[RECORDS FOR PROCESSING]

lemma correction_into_Gs:
  assumes "\<And>n. poly_upto G Gs n 0 g" "\<forall>\<alpha>\<in>FE. \<exists>x\<in>Gs r. \<exists>c\<in>\<Gamma>. g \<alpha> = x \<otimes> c"
  shows "\<exists>\<gamma>. (\<forall>\<alpha>\<in>FE. \<gamma> \<alpha> \<in> \<Gamma>) \<and> (\<forall>n. poly_upto G Gs n 0 \<gamma>) \<and> (\<forall>\<alpha>\<in>FE. g \<alpha> \<otimes> \<gamma> \<alpha> \<in> Gs r)"
  using assms
proof (induction r arbitrary: g)
  case 0
  have "\<forall>\<alpha>\<in>FE. g \<alpha> \<otimes> \<one> \<in> Gs 0"
    using poly_upto_carrier[OF "0.prems"(1)] Gs_0 by simp
  then show ?case
    using subgroup.one_closed[OF \<Gamma>_subgroup] poly_upto_one by (intro exI[of _ "\<lambda>_. \<one>"]) blast
next
  case (Suc r)
  have "\<forall>\<alpha>\<in>FE. \<exists>x\<in>Gs r. \<exists>c\<in>\<Gamma>. g \<alpha> = x \<otimes> c"
    using Suc.prems(2) Gs_Suc_subset by blast
  then obtain \<gamma>1 where \<gamma>1: "\<forall>\<alpha>\<in>FE. \<gamma>1 \<alpha> \<in> \<Gamma>" "\<And>n. poly_upto G Gs n 0 \<gamma>1"
      "\<forall>\<alpha>\<in>FE. g \<alpha> \<otimes> \<gamma>1 \<alpha> \<in> Gs r"
    using Suc.IH[OF Suc.prems(1)] by blast
  define g1 where "g1 = mult_fun G g \<gamma>1"
  have carrier: "g \<alpha> \<in> carrier G" "\<gamma>1 \<alpha> \<in> carrier G" if "\<alpha> \<in> FE" for \<alpha>
    using poly_upto_carrier[OF Suc.prems(1)] \<gamma>1(1) subgroup.subset[OF \<Gamma>_subgroup] that by auto
  have g1: "\<And>n. poly_upto G Gs n 0 g1" "\<forall>\<alpha>\<in>FE. g1 \<alpha> \<in> Gs r"
    unfolding g1_def using poly_upto_mult[OF Suc.prems(1) \<gamma>1(2)] \<gamma>1(3) by (simp_all add: mult_fun_def)
  have "\<forall>\<alpha>\<in>FE. \<exists>x\<in>Gs (Suc r). \<exists>c\<in>\<Gamma>. g1 \<alpha> = x \<otimes> c"
  proof
    fix \<alpha> assume \<alpha>: "\<alpha> \<in> FE"
    then obtain x c where x: "x \<in> Gs (Suc r)" and c: "c \<in> \<Gamma>" and gx: "g \<alpha> = x \<otimes> c"
      using Suc.prems(2) by blast
    have "g1 \<alpha> = x \<otimes> (c \<otimes> \<gamma>1 \<alpha>)"
      unfolding g1_def mult_fun_def gx
      using Gs_carrier[OF x] subgroup.mem_carrier[OF \<Gamma>_subgroup c] carrier(2)[OF \<alpha>] by (simp add: m_assoc)
    moreover have "c \<otimes> \<gamma>1 \<alpha> \<in> \<Gamma>"
      using c \<gamma>1(1) \<alpha> subgroup.m_closed[OF \<Gamma>_subgroup] by blast
    ultimately show "\<exists>x\<in>Gs (Suc r). \<exists>c\<in>\<Gamma>. g1 \<alpha> = x \<otimes> c"
      using x by blast
  qed
  then obtain \<gamma>2 where \<gamma>2: "\<forall>\<alpha>\<in>FE. \<gamma>2 \<alpha> \<in> \<Gamma>" "\<And>n. poly_upto G Gs n 0 \<gamma>2"
      "\<forall>\<alpha>\<in>FE. g1 \<alpha> \<otimes> \<gamma>2 \<alpha> \<in> Gs (Suc r)"
    using level_one_correction[OF g1(1)] correction_step[OF _ g1] by (cases r) auto
  have "g \<alpha> \<otimes> mult_fun G \<gamma>1 \<gamma>2 \<alpha> = g1 \<alpha> \<otimes> \<gamma>2 \<alpha>" if "\<alpha> \<in> FE" for \<alpha>
    using carrier[OF that] \<gamma>2(1) subgroup.subset[OF \<Gamma>_subgroup] that
    by (auto simp: g1_def mult_fun_def m_assoc)
  then show ?case
    using \<gamma>1 \<gamma>2 subgroup.m_closed[OF \<Gamma>_subgroup] poly_upto_mult[OF \<gamma>1(2) \<gamma>2(2)]
    by (intro exI[of _ "mult_fun G \<gamma>1 \<gamma>2"]) (simp add: mult_fun_def)
qed

end


section \<open>Polynomial maps into the sub-nilmanifold\<close>

context group
begin

lemma l_coset_eq_iff:
  assumes "subgroup H G" "x \<in> carrier G" "y \<in> carrier G"
  shows "x <# H = y <# H \<longleftrightarrow> inv x \<otimes> y \<in> H"
proof
  assume "x <# H = y <# H"
  moreover have "y \<in> y <# H"
    using assms(3) subgroup.one_closed[OF assms(1)] by (force simp: l_coset_def)
  ultimately obtain h where "h \<in> H" "y = x \<otimes> h"
    unfolding l_coset_def by auto
  then show "inv x \<otimes> y \<in> H"
    using assms(2) subgroup.mem_carrier[OF assms(1)] by (simp add: inv_mult_cancel_left)
next
  assume "inv x \<otimes> y \<in> H"
  then have "y \<in> x <# H"
    by (rule subgroup.lcos_module_rev[OF assms(1) is_group assms(2,3)])
  then show "x <# H = y <# H"
    by (rule l_repr_independence[OF _ assms(2,1)])
qed

lemma l_coset_set_mult_subgroup:
  assumes "subgroup \<Lambda> G" "subgroup \<Gamma> G" "\<Lambda> \<subseteq> \<Gamma>" "x \<in> carrier G"
  shows "(x <# \<Lambda>) <#> \<Gamma> = x <# \<Gamma>"
proof -
  have "\<Lambda> <#> \<Gamma> = \<Gamma>"
  proof
    show "\<Lambda> <#> \<Gamma> \<subseteq> \<Gamma>"
      using assms(3) subgroup.m_closed[OF assms(2)] by (auto simp: set_mult_def)
    show "\<Gamma> \<subseteq> \<Lambda> <#> \<Gamma>"
      using subgroup.one_closed[OF assms(1)] subgroup.mem_carrier[OF assms(2)]
      by (force simp: set_mult_def)
  qed
  then show ?thesis
    using setmult_lcos_assoc[OF subgroup.subset[OF assms(1)] subgroup.subset[OF assms(2)] assms(4)]
    by simp
qed

end

context prefiltered_group
begin

lemma poly_map_imp_poly_upto_0: "poly_map G Gs g \<Longrightarrow> poly_upto G Gs n 0 g"
  using poly_map_imp_poly_upto is_group Gs_one by blast

text \<open>With \<open>G\<^sub>d\<^sub>+\<^sub>1\<close> trivial, derivatives of order at most \<open>d\<close> already decide polynomiality;
  those of order at most \<open>r\<close> lie in \<open>Gs r\<close> for every map with values in \<open>Gs r\<close>.\<close>
lemma poly_map_truncated_iff:
  assumes top: "Gs (Suc d) = {\<one>}" and "r \<le> d"
  shows "poly_map G (\<lambda>i. if i \<le> r then Gs r else Gs i) g \<longleftrightarrow> poly_map G Gs g \<and> (\<forall>\<alpha>\<in>FE. g \<alpha> \<in> Gs r)"
    (is "poly_map G ?Gt g \<longleftrightarrow> _")
proof
  have Gt_Gs: "?Gt i \<subseteq> Gs i" for i
    using Gs_antimono by auto
  have Gt_one: "\<one> \<in> ?Gt i" for i
    using Gs_one by simp
  assume g: "poly_map G ?Gt g"
  then have "poly_upto G ?Gt n 0 g" for n
    using poly_map_imp_poly_upto is_group Gt_one by blast
  then have "poly_upto G Gs (Suc d) 0 g" "poly_upto G ?Gt 0 0 g"
    using Gt_Gs unfolding poly_upto_def by blast+
  then show "poly_map G Gs g \<and> (\<forall>\<alpha>\<in>FE. g \<alpha> \<in> Gs r)"
    using poly_upto_imp_poly_map[where Gs = Gs and N = "Suc d", OF top] by (simp add: poly_upto_0)
next
  assume g: "poly_map G Gs g \<and> (\<forall>\<alpha>\<in>FE. g \<alpha> \<in> Gs r)"
  have "poly_upto G ?Gt (Suc d) 0 g"
    unfolding poly_upto_def
  proof (intro allI impI)
    fix \<beta>s \<alpha> assume \<beta>s: "length \<beta>s \<le> Suc d" "set \<beta>s \<subseteq> FE" and \<alpha>: "\<alpha> \<in> FE"
    show "fdiffs G \<beta>s g \<alpha> \<in> ?Gt (0 + length \<beta>s)"
    proof (cases "length \<beta>s \<le> r")
      case True
      then show ?thesis
        using g \<beta>s \<alpha> by (simp add: fdiffs_in_subgroup[OF Gs_subgroup])
    next
      case False
      then show ?thesis
        using poly_map_imp_poly_upto_0[of g "Suc d"] g \<beta>s \<alpha> unfolding poly_upto_def by simp
    qed
  qed
  then show "poly_map G ?Gt g"
    using assms by (intro poly_upto_imp_poly_map[of _ "Suc d"]) auto
qed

[/RECORDS FOR PROCESSING]

§ TASK TO COMPLETE: All lines in the data above from the one with "using subgroup.one_closed[OF \<Gamma>_subgroup]" through the one with "then obtain \<gamma>1" must be repeated exactly, and no others.

§ FINAL ANSWER:
    using subgroup.one_closed[OF \<Gamma>_subgroup] poly_upto_one by (intro exI[of _ "\<lambda>_. \<one>"]) blast
next
  case (Suc r)
  have "\<forall>\<alpha>\<in>FE. \<exists>x\<in>Gs r. \<exists>c\<in>\<Gamma>. g \<alpha> = x \<otimes> c"
    using Suc.prems(2) Gs_Suc_subset by blast
  then obtain \<gamma>1 where \<gamma>1: "\<forall>\<alpha>\<in>FE. \<gamma>1 \<alpha> \<in> \<Gamma>" "\<And>n. poly_upto G Gs n 0 \<gamma>1"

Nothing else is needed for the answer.